Theoretical physics are complicated and that is its reputation. If we can write down the natural laws in mathematical form, it means the laws are simple. This is quite different from other scientific disciplines. Sadly, solving the equations is not always simple. For instance, we have a nice theory that describes the elementary particles known as gluons and quarks, but no one is able to calculate how they can go together to create a proton. So, not all the methods we know can solve the equations. The case is the same when we talk about black holes or the flow of the mountain stream. It is quite simple to describe but it is difficult to explain the things happen.
Of course, physicists have been working to the limits to find the new mathematical strategies. But, recently there is no more sophisticated math. What we have is computing power. The first math software was available in the 1980s. It could not do many things, just to help someone searched through enormous printed lists of solved integrals. But, physicists had computers at their fingertips so they are no longer had to solve the integrals, they even could plot the solution.
Even many physicists could not go with this “just plot it” approach in the 1990s. At that time, many physicists were not trained in computer analysis. Even they could not tell the physical effects of coding the artifacts. Therefore, it can be the reason why many seminars in which are result was degraded as a numeral. Over the past two decades, this attitude has shifted. Coding becomes the natural extension for physicists.
Theoretical physics have many sub-disciplines now, especially about computer simulations of the real-world system. Computer simulations are what we use today to study the formation of galaxies and the supergalactic structures. Also, we use it to calculate the masses of particles made of several quarks. We need it to understand the solar circles and others.
The next step that shows the shift from purely mathematical modeling is on its way. Now, physicists have custom design laboratory systems that stand in for other systems for better understand. They have simulated system to observe in their lab to draw any conclusion and make a prediction.
‘Quantum Simulations’ become the best example of the system. The systems offer interacting composite objects such as clouds of atoms. Physicists then manipulate the interaction among the objects to the system to build an interaction among the more fundamental particles.
Let us talk about the circuit quantum electrodynamics. When researchers stimulate atoms, they use tiny superconducting circuits. They then study how artificial atoms interact with photons. Other than that, physicists settled the debate over whether Higgs-like particles can exist in two dimensions of the space by using a superfluid of ultra-cold atoms.
So, the simulations are useful to overcome the mathematical challenges in theories we already know. We can use them so we can explore the new theories we have never been studied before.
One of the research areas we have no good theory in it is about quantum behavior of the space and time. Based on the recent experiment, a physicist at the Institute for Quantum Computing at the University of Waterloo in Ontario, Raymond Laflamme, worked together with his group. They used a quantum simulation to study spin networks, structures that constitute the fundamental fabric of space-time, according to some theories. Also, there is Gia Dvali, a physicist at the University of Munich proposed a way to stimulate the information processing of black holes with ultracold atom gases.
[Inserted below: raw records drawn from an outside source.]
(* Fix $c\in\mathbb{N}_0$ and let $A=\mathbb{K}[x_ix_j: i,j\in\mathbb{N},\ i\le j\le i+c]\subseteq R=\mathbb{K}[x_i: i\in\mathbb{N}]$. Then the set of string presentations of the monomials of $A$ is $\{x_{i_1}x_{i_2}\cdots x_{i_{2d-1}}x_{i_{2d}}: d\in\mathbb{N}_0,\ i_1\le i_2\le\cdots\le i_{2d},\ i_{2k}-i_{2k-1}\le c \text{ for } 1\le k\le d\}.$
   Context: $\mathbb{K}$ is a field. The string presentation of a monomial of $R$ is the unique word in the noncommuting letters $x_1,x_2,\dots$ representing it in which the indices appear in nondecreasing order from left to right (e.g. $x_1x_2\cdot x_1x_3$ has string presentation $x_1x_1x_2x_3$). *)

theory Defs
  imports Main "HOL-Library.Poly_Mapping"
begin

(* Polynomials over 'k in the variables x_i (i :: nat) are represented as
  (nat -> nat) -> k : a monomial is an exponent vector m,
  and a polynomial maps monomials to coefficients. The paper's ring R only uses
  the variables x_i with i \<ge> 1.*)

type_synonym monom = "nat \<Rightarrow>\<^sub>0 nat"
type_synonym 'k mpoly = "(nat \<Rightarrow>\<^sub>0 nat) \<Rightarrow>\<^sub>0 'k"

definition monom_poly :: "monom \<Rightarrow> 'k::field mpoly" where
  "monom_poly m = Poly_Mapping.single m 1"

definition var :: "nat \<Rightarrow> 'k::field mpoly" where
  "var i = monom_poly (Poly_Mapping.single i 1)"

(* A = K[x_i x_j : 1 \<le> i \<le> j \<le> i + c], the K-subalgebra of R generated by these
  products: the smallest set containing the constants and the generators and closed
  under addition and multiplication (scalar multiples are products with constants).*)
inductive_set subalg_A :: "nat \<Rightarrow> ('k::field) mpoly set" for c :: nat where
  const: "Poly_Mapping.single 0 a \<in> subalg_A c"
| gen: "1 \<le> i \<Longrightarrow> i \<le> j \<Longrightarrow> j \<le> i + c \<Longrightarrow> var i * var j \<in> subalg_A c"
| add: "p \<in> subalg_A c \<Longrightarrow> q \<in> subalg_A c \<Longrightarrow> p + q \<in> subalg_A c"
| mult: "p \<in> subalg_A c \<Longrightarrow> q \<in> subalg_A c \<Longrightarrow> p * q \<in> subalg_A c"

definition monomials_A :: "'k::field itself \<Rightarrow> nat \<Rightarrow> monom set" where
  "monomials_A _ c = {m. (\<forall>i\<in>Poly_Mapping.keys m. 1 \<le> i) \<and> (monom_poly m :: 'k mpoly) \<in> subalg_A c}"

definition string_pres :: "monom \<Rightarrow> nat list" where
  "string_pres m = (THE xs. sorted xs \<and> (\<forall>i. count_list xs i = Poly_Mapping.lookup m i))"

end

theory Submission
  imports Defs "HOL-Library.Multiset"
begin

(* A monomial lies in A iff its multiset of indices splits into pairs {i, j} with |i - j| \<le> c,
  since A is spanned by products of its generators. For a sorted word such a splitting exists
  iff the letters in positions 2k - 1 and 2k can be paired: if the least letter a is paired
  with b while the next letter a' is paired with v, then a \<le> a' \<le> b, v together with
  b \<le> a + c and v \<le> a' + c allows re-pairing a with a' and b with v. *)

inductive pairable :: "nat \<Rightarrow> nat multiset \<Rightarrow> bool" for c :: nat where
  empty: "pairable c {#}"
| pair: "i \<le> j + c \<Longrightarrow> j \<le> i + c \<Longrightarrow> pairable c M \<Longrightarrow> pairable c (add_mset i (add_mset j M))"

lemma pairable_union: "pairable c M \<Longrightarrow> pairable c N \<Longrightarrow> pairable c (M + N)"
  by (induction M rule: pairable.induct) (auto intro: pairable.intros)

lemma not_pairable_singleton: "\<not> pairable c {#x#}"
  by (auto elim: pairable.cases)

lemma pairable_obtain_partner:
  assumes "pairable c M" and "x \<in># M"
  obtains y M' where "M = add_mset x (add_mset y M')" "x \<le> y + c" "y \<le> x + c" "pairable c M'"
  using assms
proof (induction M arbitrary: thesis rule: pairable.induct)
  case empty
  then show ?case by simp
next
  case (pair i j M)
  consider "x = i" | "x = j" | "x \<in># M"
    using pair.prems(2) by auto
  then show ?case
  proof cases
    case 1
    then show ?thesis using pair by blast
  next
    case 2
    then show ?thesis using pair by (metis add_mset_commute)
  next
    case 3
    obtain y M' where "M = add_mset x (add_mset y M')" "x \<le> y + c" "y \<le> x + c" "pairable c M'"
      using pair.IH 3 by blast
    then show ?thesis
      using pair.prems(1)[of y "add_mset i (add_mset j M')"] pair.hyps(1,2)
      by (simp add: add_mset_commute pairable.pair)
  qed
qed

lemma pairable_pair_least:
  assumes pairable: "pairable c (add_mset a (add_mset a' M))"
    and "a \<le> a'" and least: "\<forall>x\<in>#M. a' \<le> x"
  shows "a' \<le> a + c" and "pairable c M"
proof -
  obtain b N where N: "add_mset a' M = add_mset b N" and "b \<le> a + c" and "pairable c N"
    by (rule pairable_obtain_partner[OF pairable, of a]) auto
  have "a' \<le> b"
    using N least by (metis insert_iff le_refl set_mset_add_mset_insert)
  then show "a' \<le> a + c"
    using \<open>b \<le> a + c\<close> by simp
  show "pairable c M"
  proof (cases "a' = b")
    case True
    then show ?thesis using N \<open>pairable c N\<close> by simp
  next
    case False
    then have "a' \<in># N"
      using N by (metis insert_noteq_member)
    then obtain v N' where N': "N = add_mset a' (add_mset v N')" "v \<le> a' + c" "pairable c N'"
      using pairable_obtain_partner[OF \<open>pairable c N\<close>] by blast
    then have M: "M = add_mset b (add_mset v N')"
      using N by (simp add: add_mset_commute)
    then have "a' \<le> v"
      using least by simp
    then have "b \<le> v + c" "v \<le> b + c"
      using \<open>b \<le> a + c\<close> \<open>a \<le> a'\<close> \<open>a' \<le> b\<close> \<open>v \<le> a' + c\<close> by linarith+
    then show ?thesis
      unfolding M using N'(3) by (rule pairable.pair)
  qed
qed

fun adjacent_pairs_within :: "nat \<Rightarrow> nat list \<Rightarrow> bool" where
  "adjacent_pairs_within c [] = True"
| "adjacent_pairs_within c [x] = False"
| "adjacent_pairs_within c (x # y # xs) = (y - x \<le> c \<and> adjacent_pairs_within c xs)"

lemma adjacent_pairs_within_iff_nth:
  "adjacent_pairs_within c xs \<longleftrightarrow>
    (\<exists>d. length xs = 2 * d \<and> (\<forall>k<d. xs ! (2 * k + 1) - xs ! (2 * k) \<le> c))"
proof (induction c xs rule: adjacent_pairs_within.induct)
  case (3 c x y xs)
  have "(\<exists>d. length (x # y # xs) = 2 * d \<and> P d) \<longleftrightarrow> (\<exists>d. length xs = 2 * d \<and> P (Suc d))" for P
  proof
    assume "\<exists>d. length (x # y # xs) = 2 * d \<and> P d"
    then obtain d where "length (x # y # xs) = 2 * d" "P d"
      by blast
    then show "\<exists>d. length xs = 2 * d \<and> P (Suc d)"
      by (cases d) auto
  next
    assume "\<exists>d. length xs = 2 * d \<and> P (Suc d)"
    then obtain d where "length xs = 2 * d" "P (Suc d)"
      by blast
    then show "\<exists>d. length (x # y # xs) = 2 * d \<and> P d"
      by (intro exI[of _ "Suc d"]) simp
  qed
  then show ?case
    using 3 by (simp add: All_less_Suc2) blast
qed auto

lemma sorted_adjacent_pairs_within_iff_pairable:
  "sorted xs \<Longrightarrow> adjacent_pairs_within c xs \<longleftrightarrow> pairable c (mset xs)"
proof (induction c xs rule: adjacent_pairs_within.induct)
  case (2 c x)
  then show ?case using not_pairable_singleton by simp
next
  case (3 c x y xs)
  then have "x \<le> y" "\<forall>z\<in>#mset xs. y \<le> z" "sorted xs"
    by auto
  then show ?case
    using 3 pairable_pair_least[of c x y "mset xs"]
    by (auto intro: pairable.pair)
qed (simp add: pairable.empty)

lemma image_sorted_list_of_multiset:
  "sorted_list_of_multiset ` {M. P M} = {xs. sorted xs \<and> P (mset xs)}"
proof
  show "{xs. sorted xs \<and> P (mset xs)} \<subseteq> sorted_list_of_multiset ` {M. P M}"
    by (auto intro!: image_eqI simp: sorted_sort_id)
qed auto

definition monom_of_mset :: "'a multiset \<Rightarrow> 'a \<Rightarrow>\<^sub>0 nat" where
  "monom_of_mset M = Abs_poly_mapping (count M)"

lemma lookup_monom_of_mset [simp]: "Poly_Mapping.lookup (monom_of_mset M) = count M"
  by (simp add: monom_of_mset_def count_eq_zero_iff)

lemma keys_monom_of_mset [simp]: "Poly_Mapping.keys (monom_of_mset M) = set_mset M"
  by (auto simp: in_keys_iff)

lemma monom_of_mset_empty [simp]: "monom_of_mset {#} = 0"
  by (rule poly_mapping_eqI) simp

lemma monom_of_mset_union: "monom_of_mset (M + N) = monom_of_mset M + monom_of_mset N"
  by (rule poly_mapping_eqI) (simp add: lookup_add)

lemma monom_of_mset_add_mset:
  "monom_of_mset (add_mset i M) = Poly_Mapping.single i 1 + monom_of_mset M"
  by (rule poly_mapping_eqI) (simp add: lookup_add lookup_single when_def)

lemma string_pres_monom_of_mset: "string_pres (monom_of_mset M) = sorted_list_of_multiset M"
  unfolding string_pres_def
proof (rule the_equality)
  show "sorted (sorted_list_of_multiset M) \<and>
      (\<forall>i. count_list (sorted_list_of_multiset M) i = Poly_Mapping.lookup (monom_of_mset M) i)"
    by (simp add: count_mset[symmetric])
next
  fix xs
  assume "sorted xs \<and> (\<forall>i. count_list xs i = Poly_Mapping.lookup (monom_of_mset M) i)"
  then have "sorted xs" "mset xs = M"
    by (simp_all add: multiset_eq_iff count_mset[symmetric])
  then show "xs = sorted_list_of_multiset M"
    by (auto simp: sorted_sort_id)
qed

lemma monom_poly_add: "(monom_poly (m + n) :: 'k::field mpoly) = monom_poly m * monom_poly n"
  by (simp add: monom_poly_def mult_single)

lemma var_mult_var: "(var i * var j :: 'k::field mpoly) = monom_poly (monom_of_mset {#i, j#})"
  by (simp add: var_def monom_poly_add[symmetric] monom_of_mset_add_mset)

lemma keys_subalg_A_pairable:
  assumes "(p :: 'k::field mpoly) \<in> subalg_A c" and "m \<in> Poly_Mapping.keys p"
  shows "\<exists>M. pairable c M \<and> m = monom_of_mset M"
  using assms
proof (induction arbitrary: m rule: subalg_A.induct)
  case (const a)
  then have "m = monom_of_mset {#}"
    by (simp split: if_splits)
  then show ?case
    using pairable.empty by blast
next
  case (gen i j)
  then have "pairable c {#i, j#}"
    by (auto intro: pairable.intros)
  moreover have "m = monom_of_mset {#i, j#}"
    using gen.prems by (simp add: var_mult_var monom_poly_def split: if_splits)
  ultimately show ?case
    by blast
next
  case (add p q)
  then show ?case
    using keys_add[of p q] by blast
next
  case (mult p q)
  obtain a b where "m = a + b" "a \<in> Poly_Mapping.keys p" "b \<in> Poly_Mapping.keys q"
    using mult.prems keys_mult[of p q] by blast
  then obtain A B where "pairable c A" "a = monom_of_mset A" "pairable c B" "b = monom_of_mset B"
    using mult.IH by blast
  then show ?case
    using \<open>m = a + b\<close> by (metis pairable_union monom_of_mset_union)
qed

lemma monom_poly_in_subalg_A:
  "pairable c M \<Longrightarrow> \<forall>i\<in>#M. 1 \<le> i \<Longrightarrow>
    (monom_poly (monom_of_mset M) :: 'k::field mpoly) \<in> subalg_A c"
proof (induction M rule: pairable.induct)
  case empty
  then show ?case
    using subalg_A.const[of 1] by (simp add: monom_poly_def)
next
  case (pair i j M)
  have "(var (min i j) * var (max i j) :: 'k mpoly) \<in> subalg_A c"
    using pair by (intro subalg_A.gen) auto
  then have "(monom_poly (monom_of_mset {#i, j#}) :: 'k mpoly) \<in> subalg_A c"
    by (cases "i \<le> j") (simp_all add: var_mult_var add_mset_commute)
  then show ?case
    using pair
    by (simp add: monom_of_mset_add_mset add.assoc[symmetric] monom_poly_add subalg_A.mult)
qed

lemma monomials_A_eq:
  "monomials_A TYPE('k::field) c = monom_of_mset ` {M. pairable c M \<and> (\<forall>i\<in>#M. 1 \<le> i)}"
proof
  show "monomials_A TYPE('k) c \<subseteq> monom_of_mset ` {M. pairable c M \<and> (\<forall>i\<in>#M. 1 \<le> i)}"
  proof
    fix m
    assume m: "m \<in> monomials_A TYPE('k) c"
    then have "m \<in> Poly_Mapping.keys (monom_poly m :: 'k mpoly)"
      and "(monom_poly m :: 'k mpoly) \<in> subalg_A c"
      by (simp_all add: monomials_A_def monom_poly_def)
    then obtain M where "pairable c M" "m = monom_of_mset M"
      using keys_subalg_A_pairable by blast
    with m show "m \<in> monom_of_mset ` {M. pairable c M \<and> (\<forall>i\<in>#M. 1 \<le> i)}"
      by (auto simp: monomials_A_def)
  qed
qed (auto simp: monomials_A_def monom_poly_in_subalg_A)

theorem lemma5p1:
  fixes c :: nat
  shows "string_pres ` monomials_A TYPE('k::field) c =
    {xs. \<exists>d. length xs = 2 * d \<and> sorted xs \<and> (\<forall>i\<in>set xs. 1 \<le> i) \<and>
           (\<forall>k<d. xs ! (2 * k + 1) - xs ! (2 * k) \<le> c)}"
proof -
  have "string_pres ` monomials_A TYPE('k) c =
      sorted_list_of_multiset ` {M. pairable c M \<and> (\<forall>i\<in>#M. 1 \<le> i)}"
    by (simp add: monomials_A_eq image_image string_pres_monom_of_mset)
  also have "\<dots> = {xs. sorted xs \<and> pairable c (mset xs) \<and> (\<forall>i\<in>set xs. 1 \<le> i)}"
    by (simp add: image_sorted_list_of_multiset)
  also have "\<dots> = {xs. sorted xs \<and> adjacent_pairs_within c xs \<and> (\<forall>i\<in>set xs. 1 \<le> i)}"
    using sorted_adjacent_pairs_within_iff_pairable by blast
  finally show ?thesis
    by (auto simp: adjacent_pairs_within_iff_nth)
qed

end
In the field of analog gravity, the physicists run a similar idea. They then use fluids to mimic the behavior of particles in the gravitational fields. Also, they studied about the rapid expansion of the universe, known as “inflation” by using fluid analogs for gravity.
Additionally, physicists have observed stand-ins known as quasiparticles to study hypothetical fundamental particles. The quasiparticle behaves like fundamental particles but they emerge from the collective movement of other particles. By understanding their properties, they can learn more about their behavior. This way may help us to find ways of observing the real thing.
But, there are some big questions to deal with. First, if we can stimulate what we now believe to be fundamental through composite quasiparticles, then what we think of as fundamental at this time – space and time and 25 particles to make up the Standard Model of particle physics – is made up of an underlying structure, too.  Also, something that makes us wonder is how we can explain the behavior of a system. How can we use a simplified version of a system to observe, measure, and make a prediction?
What makes this development sounds interesting is that it ultimately changes how we do in physics. Quantum simulations allow the mathematical models to have its secondary relevance. Currently, physicists are using the math to identify a suitable system since math tells us the properties to look for. But that is not necessary. By the time, experimentalists may learn the system maps to which other systems. One day, they are doing more than just calculations, but they may use observations of simplified systems to create predictions.
In the end, building a simplified model of a system in the laboratory is not quite different from what physicists have been working for centuries. They write down the simplified models of physical systems in the form of Mathematics.